◆ Extracted information:

(* Let $t$ be a table with $n$ rows, and fix a predicate such that exactly $pn$ rows of $t$ satisfy it, where $p\in(0,1]$. Draw a sample of $k\ge 1$ rows from $t$ uniformly at random with replacement (i.e., $k$ i.i.d. uniform draws), let $\hat X$ be the number of sampled rows satisfying the predicate, and estimate the cardinality by $\mathrm{est}=\frac{n}{k}\hat X$, the true cardinality being $\mathrm{true}=pn$. Let $\sigma^2=p(1-p)$. Then for every $q\ge 1$, $$\mathbb{P}(\text{Q-error}\le q)\ \ge\ 1-\Omega-\Psi,$$ where $$\Omega=\min\Bigg(\Big(\frac{e^{q-1}}{q^{q}}\Big)^{pk},\ \exp\Big(-\frac{k(pq-p)^2}{2\sigma^2+2(pq-p)/3}\Big)\Bigg),$$ $$\Psi=\min\Bigg(\Big(e^{\frac1q-1}\,q^{\frac1q}\Big)^{pk},\ \exp\Big(-\frac{k(p-p/q)^2}{2\sigma^2+2(p-p/q)/3}\Big)\Bigg).$$
   Context: The Q-error of an estimate is $\max\big(\frac{\mathrm{true}'}{\mathrm{est}'},\frac{\mathrm{est}'}{\mathrm{true}'}\big)$, where $\mathrm{est}'=\max(\mathrm{est},1)$ and $\mathrm{true}'=\max(\mathrm{true},1)$ (to avoid division by zero). $\Omega$ bounds the probability of over-estimation ($\mathrm{est}\ge q\cdot\mathrm{true}$) and $\Psi$ the probability of under-estimation ($\mathrm{est}\le \mathrm{true}/q$). *)

theory Defs
  imports "HOL-Probability.Probability"
begin

definition qerror :: "real \<Rightarrow> real \<Rightarrow> real" where
  "qerror est tru = max (max tru 1 / max est 1) (max est 1 / max tru 1)"

definition sample_wr :: "nat \<Rightarrow> nat \<Rightarrow> (nat \<Rightarrow> nat) pmf" where
  "sample_wr n k = Pi_pmf {..<k} 0 (\<lambda>_. pmf_of_set {..<n})"

definition hits :: "(nat \<Rightarrow> 'a) \<Rightarrow> ('a \<Rightarrow> bool) \<Rightarrow> nat \<Rightarrow> (nat \<Rightarrow> nat) \<Rightarrow> nat" where
  "hits t P k s = card {j \<in> {..<k}. P (t (s j))}"

definition Omega_bound :: "real \<Rightarrow> real \<Rightarrow> nat \<Rightarrow> real" where
  "Omega_bound p q k =
     (let \<sigma>2 = p * (1 - p); d = p * q - p in
      min ((exp (q - 1) / q powr q) powr (p * real k))
          (exp (- (real k * d\<^sup>2) / (2 * \<sigma>2 + 2 * d / 3))))"

definition Psi_bound :: "real \<Rightarrow> real \<Rightarrow> nat \<Rightarrow> real" where
  "Psi_bound p q k =
     (let \<sigma>2 = p * (1 - p); d = p - p / q in
      min ((exp (1 / q - 1) * q powr (1 / q)) powr (p * real k))
          (exp (- (real k * d\<^sup>2) / (2 * \<sigma>2 + 2 * d / 3))))"

end

theory Submission
  imports Defs
begin

text \<open>The number of hits is a sum of \<open>k\<close> independent Bernoulli(\<open>p\<close>) indicators, so
  \<open>E exp (l * hits) = (1 - p + p e\<^sup>l)\<^sup>k\<close>, and the exponential Markov (Chernoff) inequality
  bounds both tails \<open>hits \<ge> q p k\<close> and \<open>hits \<le> p k / q\<close>. Bounding the Bernoulli moment
  generating function by \<open>exp (p (e\<^sup>l - 1))\<close> and choosing \<open>l = ln q\<close> gives the first terms of
  \<open>\<Omega>\<close> and \<open>\<Psi>\<close>. Bounding it instead by Bennett's \<open>e\<^sup>l\<^sup>z \<le> 1 + l z + z\<^sup>2 (e\<^sup>l - 1 - l)\<close>
  for \<open>|z| \<le> 1\<close>, together with \<open>e\<^sup>l - 1 - l \<le> l\<^sup>2 / (2 (1 - l/3))\<close>, gives Bernstein's
  exponents. Outside both tails the estimate is within a factor \<open>q\<close> of the true count
  \<open>p n \<ge> 1\<close>, so the union bound completes the argument.\<close>

lemma sums_exp_minus_one_minus_self:
  fixes x :: real
  shows "(\<lambda>i. x ^ (i + 2) / fact (i + 2)) sums (exp x - 1 - x)"
proof -
  have "(\<lambda>i. x ^ i / fact i) sums exp x"
    using exp_converges[of x] by (simp add: divide_inverse mult.commute)
  then have "(\<lambda>i. x ^ (i + 2) / fact (i + 2)) sums (exp x - (\<Sum>i<2. x ^ i / fact i))"
    by (subst sums_iff_shift) simp
  then show ?thesis
    by (simp add: numeral_2_eq_2 diff_diff_eq)
qed

lemma two_mult_three_power_le_fact: "2 * 3 ^ i \<le> (fact (i + 2) :: real)"
proof (induction i)
  case 0
  then show ?case by simp
next
  case (Suc i)
  have "2 * 3 ^ Suc i = 3 * (2 * (3::real) ^ i)"
    by simp
  also have "\<dots> \<le> real (i + 3) * fact (i + 2)"
    using Suc.IH by (intro mult_mono) auto
  also have "\<dots> = fact (Suc i + 2)"
    by (simp add: algebra_simps numeral_3_eq_3)
  finally show ?case .
qed

lemma exp_mult_le_quadratic:
  fixes l z :: real
  assumes "l \<ge> 0" "\<bar>z\<bar> \<le> 1"
  shows "exp (l * z) \<le> 1 + l * z + z\<^sup>2 * (exp l - 1 - l)"
proof -
  have "(l * z) ^ (i + 2) / fact (i + 2) \<le> z\<^sup>2 * (l ^ (i + 2) / fact (i + 2))" for i
  proof -
    have "(l * z) ^ (i + 2) \<le> \<bar>l * z\<bar> ^ (i + 2)"
      by (metis abs_ge_self power_abs)
    also have "\<dots> = \<bar>z\<bar> ^ i * z\<^sup>2 * l ^ (i + 2)"
      using assms by (simp add: abs_mult power_mult_distrib power_add power2_eq_square)
    also have "\<dots> \<le> 1 * z\<^sup>2 * l ^ (i + 2)"
      using assms by (intro mult_right_mono power_le_one) auto
    finally show ?thesis
      by (simp add: divide_right_mono)
  qed
  then have "exp (l * z) - 1 - l * z \<le> z\<^sup>2 * (exp l - 1 - l)"
    by (intro sums_le[OF _ sums_exp_minus_one_minus_self sums_mult[OF sums_exp_minus_one_minus_self]])
  then show ?thesis
    by simp
qed

lemma exp_minus_one_minus_self_le:
  fixes l :: real
  assumes "0 \<le> l" "l < 3"
  shows "exp l - 1 - l \<le> l\<^sup>2 / (2 * (1 - l / 3))"
proof -
  have "l ^ (i + 2) / fact (i + 2) \<le> l\<^sup>2 / 2 * (l / 3) ^ i" for i
  proof -
    have "l ^ (i + 2) / fact (i + 2) \<le> l ^ (i + 2) / (2 * 3 ^ i)"
      using assms two_mult_three_power_le_fact[of i] by (intro divide_left_mono) auto
    then show ?thesis
      by (simp add: power_add power_divide power2_eq_square)
  qed
  moreover have "(\<lambda>i. l\<^sup>2 / 2 * (l / 3) ^ i) sums (l\<^sup>2 / 2 * (1 / (1 - l / 3)))"
    using assms by (intro sums_mult geometric_sums) auto
  ultimately have "exp l - 1 - l \<le> l\<^sup>2 / 2 * (1 / (1 - l / 3))"
    by (intro sums_le[OF _ sums_exp_minus_one_minus_self])
  then show ?thesis
    by simp
qed

lemma bernoulli_mgf_le_Bennett:
  fixes p l :: real
  assumes "0 \<le> p" "p \<le> 1" "l \<ge> 0"
  shows "1 - p + p * exp l \<le> exp (l * p + p * (1 - p) * (exp l - 1 - l))"
proof -
  have "1 - p + p * exp l = exp (l * p) * ((1 - p) * exp (l * (- p)) + p * exp (l * (1 - p)))"
    by (simp add: algebra_simps flip: exp_add)
  also have "\<dots> \<le> exp (l * p) * ((1 - p) * (1 + l * (- p) + (- p)\<^sup>2 * (exp l - 1 - l))
                                   + p * (1 + l * (1 - p) + (1 - p)\<^sup>2 * (exp l - 1 - l)))"
    using assms by (intro mult_left_mono add_mono exp_mult_le_quadratic) auto
  also have "\<dots> = exp (l * p) * (1 + p * (1 - p) * (exp l - 1 - l))"
    by (simp add: algebra_simps power2_eq_square)
  also have "\<dots> \<le> exp (l * p) * exp (p * (1 - p) * (exp l - 1 - l))"
    by (intro mult_left_mono exp_ge_add_one_self) simp
  finally show ?thesis
    by (simp add: exp_add)
qed

lemma bernoulli_mgf_neg_le_Bennett:
  fixes p l :: real
  assumes "0 \<le> p" "p \<le> 1" "l \<ge> 0"
  shows "1 - p + p * exp (- l) \<le> exp (- l * p + p * (1 - p) * (exp l - 1 - l))"
proof -
  \<comment> \<open>exchange the roles of \<open>p\<close> and \<open>1 - p\<close>\<close>
  have "1 - p + p * exp (- l) = exp (- l) * (1 - (1 - p) + (1 - p) * exp l)"
    by (simp add: algebra_simps flip: exp_add)
  also have "\<dots> \<le> exp (- l) * exp (l * (1 - p) + (1 - p) * (1 - (1 - p)) * (exp l - 1 - l))"
    using assms by (intro mult_left_mono bernoulli_mgf_le_Bennett) auto
  also have "\<dots> = exp (- l * p + p * (1 - p) * (exp l - 1 - l))"
    by (simp add: algebra_simps flip: exp_add)
  finally show ?thesis .
qed

lemma Bennett_exponent_le_Bernstein:
  fixes w d :: real
  assumes "w \<ge> 0" "d > 0"
  obtains l where "l > 0" "w * (exp l - 1 - l) - l * d \<le> - (d\<^sup>2 / (2 * w + 2 * d / 3))"
proof (cases "w = 0")
  case True
  with assms show ?thesis
    by (intro that[of 3]) (auto simp: power2_eq_square)
next
  case False
  define e where "e = w + d / 3"
  define l where "l = d / e"
  have w: "w > 0" and e: "e > 0"
    using False assms unfolding e_def by auto
  have l: "0 < l" "l < 3"
    using w assms unfolding l_def e_def by (auto simp: divide_less_eq)
  have "1 - l / 3 = w / e"
    using e unfolding l_def e_def by (simp add: field_simps)
  have "w * (exp l - 1 - l) \<le> w * (l\<^sup>2 / (2 * (1 - l / 3)))"
    using exp_minus_one_minus_self_le l w by (intro mult_left_mono) auto
  also have "\<dots> = l * (l * e) / 2"
    unfolding \<open>1 - l / 3 = w / e\<close> using w e by (simp add: field_simps power2_eq_square)
  also have "\<dots> = l * d - d\<^sup>2 / (2 * e)"
    using e unfolding l_def by (simp add: field_simps power2_eq_square)
  finally show ?thesis
    using l by (intro that[of l]) (auto simp: e_def)
qed

lemma qerror_le:
  assumes "tru \<ge> 1" "q \<ge> 1" "est \<le> q * tru" "tru \<le> q * est"
  shows "qerror est tru \<le> q"
proof -
  have "1 \<le> q * tru"
    using mult_mono[of 1 q 1 tru] assms by simp
  then have "max est 1 / tru \<le> q"
    using assms by (simp add: divide_le_eq mult.commute)
  moreover have "tru / max est 1 \<le> q"
  proof -
    have "q * est \<le> q * max est 1"
      using assms by (intro mult_left_mono) auto
    with assms have "tru \<le> q * max est 1"
      by linarith
    then show ?thesis
      by (simp add: pos_divide_le_eq mult.commute)
  qed
  ultimately show ?thesis
    using assms by (simp add: qerror_def max_absorb1)
qed

lemma measure_pmf_prob_ge_union_bound:
  assumes "\<And>x. x \<notin> A \<Longrightarrow> x \<notin> B \<Longrightarrow> x \<in> G"
  shows "measure_pmf.prob M G \<ge> 1 - measure_pmf.prob M A - measure_pmf.prob M B"
proof -
  have "1 = measure_pmf.prob M (G \<union> A \<union> B)"
    using assms by (metis UNIV_eq_I Un_iff measure_pmf.prob_space space_measure_pmf)
  also have "\<dots> \<le> measure_pmf.prob M (G \<union> A) + measure_pmf.prob M B"
    by (rule measure_Un_le) auto
  also have "\<dots> \<le> measure_pmf.prob M G + measure_pmf.prob M A + measure_pmf.prob M B"
    using measure_Un_le[of G M A] by simp
  finally show ?thesis
    by simp
qed

lemma real_hits_eq_sum: "real (hits t P k s) = (\<Sum>j<k. of_bool (P (t (s j))))"
  unfolding hits_def by (simp add: of_bool_def sum.If_cases Int_def lessThan_def)

context
  fixes t :: "nat \<Rightarrow> 'a" and P :: "'a \<Rightarrow> bool" and n :: nat and p :: real
  assumes n_pos: "n > 0"
    and card_sat: "real (card {i \<in> {..<n}. P (t i)}) = p * real n"
begin

lemma sat_fraction_bounds: "0 \<le> p" "p \<le> 1"
proof -
  have "card {i \<in> {..<n}. P (t i)} \<le> n"
    by (metis (no_types, lifting) card_lessThan card_mono finite_lessThan mem_Collect_eq subsetI)
  moreover have "p = real (card {i \<in> {..<n}. P (t i)}) / real n"
    using card_sat n_pos by simp
  ultimately show "0 \<le> p" "p \<le> 1"
    using n_pos by (simp_all add: divide_le_eq_1)
qed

◆ What to produce: Search the data for "commute" and list every line in which it occurs.

◆ Expected answer:
    using exp_converges[of x] by (simp add: divide_inverse mult.commute)
    using assms by (simp add: divide_le_eq mult.commute)
      by (simp add: pos_divide_le_eq mult.commute)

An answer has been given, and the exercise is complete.